He
decidido no pagar más el precio. Venga y le explico, venga y le cuento qué creo
ahora. Sí, claro, siéntese y escúcheme: he decidido no pagar más el precio.
La
historia comenzó cuando aprendí, de muy buena gana, que aunque la
salvación estaba disponible para todos, y que ésta se accedía a través de la
fe, no era más que una quimera, y un aviso mortuorio de un quehacer infinito de cosas que nada tenían que ver con la Gracia.
Sí,
claro, la Gracia: ese don inmerecido y que manifiesta la incapacidad del ser
humano por estar cerca de Dios. De eso,
aprendí, qué era la Gracia. Creo que eso me lo entiende con facilidad, lo noto
en su cara.
Sin
embargo, luego de tomar la Gracia por la fuerza, y creer en el poder de la
misma, me enseñaron que, de ahí en adelante, todo costaba: la unción, la gente,
el discipulado, la vida, la familia conversa, la prosperidad, la estabilidad
emocional, los dones, el ministerio. Y si bien, todas estas cosas no son
fáciles de asir, me hicieron responsable, a punta de largas jornadas de oración
y de lectura bíblica, la posible realización y consumación de éstas. Me hicieron un deudor a Dios por estas cosas, que yo lo pagaba a costilla de mí mismo.
“Hay
que pagar un precio”, me dijeron enfáticamente. Y yo pensé, tristemente, que
mis 5 minutos sinceros y cortos de oración no eran suficientes para ser próspero.

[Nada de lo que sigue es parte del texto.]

lemma phi_mem_iff:
  "x \<in> phi \<nu> h W' \<Lambda> t \<longleftrightarrow> proj1 W W' x \<in> \<Lambda> t \<and> proj2 W W' x \<in> lat_dual \<nu> h W' \<Lambda> t"
proof
  assume "x \<in> phi \<nu> h W' \<Lambda> t"
  then obtain a y where "x = a + y" "a \<in> \<Lambda> t" "y \<in> lat_dual \<nu> h W' \<Lambda> t" unfolding phi_def by blast
  moreover then have "a \<in> W" "y \<in> W'" using lattice_fun_subset_W lat_dual_subset by blast+
  ultimately show "proj1 W W' x \<in> \<Lambda> t \<and> proj2 W W' x \<in> lat_dual \<nu> h W' \<Lambda> t"
    using proj1_eq proj2_eq by simp
next
  assume "proj1 W W' x \<in> \<Lambda> t \<and> proj2 W W' x \<in> lat_dual \<nu> h W' \<Lambda> t"
  then show "x \<in> phi \<nu> h W' \<Lambda> t" unfolding phi_def using proj_W_W'(3)[of x] by blast
qed

lemma lat_dual_phi_subset: "lat_dual \<nu> h UNIV (phi \<nu> h W' \<Lambda>) t \<subseteq> phi \<nu> h W' \<Lambda> t"
proof
  fix x assume x: "x \<in> lat_dual \<nu> h UNIV (phi \<nu> h W' \<Lambda>) t"
  then have X: "\<And>s m. s > - t \<Longrightarrow> m \<in> phi \<nu> h W' \<Lambda> s \<Longrightarrow> h x m \<in> pD \<nu>"
    unfolding lat_dual_def dual_in_def by auto
  define a where "a = proj1 W W' x"
  define y where "y = proj2 W W' x"
  have aW: "a \<in> W" and yW: "y \<in> W'" and xa: "x = a + y" using proj_W_W' a_def y_def by auto
  have "y \<in> lat_dual \<nu> h W' \<Lambda> t"
    unfolding lat_dual_def dual_in_def
  proof (intro CollectI conjI ballI)
    show "y \<in> W'" by (rule yW)
    fix m assume "m \<in> Lambda_above t"
    then obtain s where s: "s > - t" "m \<in> \<Lambda> s" by auto
    have "m \<in> phi \<nu> h W' \<Lambda> s" unfolding phi_def using s(2) zero_in_lat_dual by force
    then have "h x m \<in> pD \<nu>" using X s(1) by blast
    moreover have "h a m = 0" using isotropic_W aW lattice_fun_subset_W s(2) by blast
    ultimately show "h y m \<in> pD \<nu>" unfolding xa h_addL by simp
  qed
  moreover have "a \<in> \<Lambda> t"
  proof (rule lattice_fun_bidual[OF aW])
    fix s m' assume s: "s > - t" and m': "m' \<in> lat_dual \<nu> h W' \<Lambda> s"
    have "m' \<in> phi \<nu> h W' \<Lambda> s" unfolding phi_def using m' lattice_fun_zero by force
    then have "h x m' \<in> pD \<nu>" using X s by blast
    moreover have "h y m' = 0" using isotropic_W' yW lat_dual_subset m' by blast
    ultimately show "h a m' \<in> pD \<nu>" unfolding xa h_addL by simp
  qed
  ultimately show "x \<in> phi \<nu> h W' \<Lambda> t" unfolding phi_def xa by blast
qed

O que mi incapacidad de lectura comprensiva bíblica me hacía inmerecedor de
lecturas acerca de Dios. ¡Oh no, por favor, no me haga ese gesto! Prometo
terminar mejor.
Y
entonces yo decidí pagar el precio de una unción, hacerlo porque había que
hacerlo, porque Dios así trabajaba o, de esta forma, daba las cosas difíciles
de la vida; porque, después de todo, lo más fácil era ser salvo.
Y
cuando me estrellaba con una realidad donde mis oraciones nunca son absolutas para volar encima de las nubes, o las trasnochadas de adoración eran insuficientes
para caminar encima del mar, o mis aprendizajes memorístico de Juan 3:16 no me
alcanzaba para que mi sombra sanara la penumbra de los árboles, me di cuenta que
no hay nada que yo pueda hacer para pagar algo que Él me ha dado por Gracia.
Si
lo más fácil es ser salvo, como se dice por ahí, entonces, de ahí pa’bajo no
hay algo que Jesús no haya cautivado y alcanzado por mí. Y que no le echen la
culpa a mi improductivas oraciones tristes, o a mi voz desafinada en la
adoración, o a mi miopía lectora de por qué no he conseguido otras cosas;
porque pienso, después de todo, que hubo un Gran Precio que pagar –como de
salto de aquí a la luna-, y Él lo hizo por mí.
Buenas
noches, mientras se toma el café que le brindé.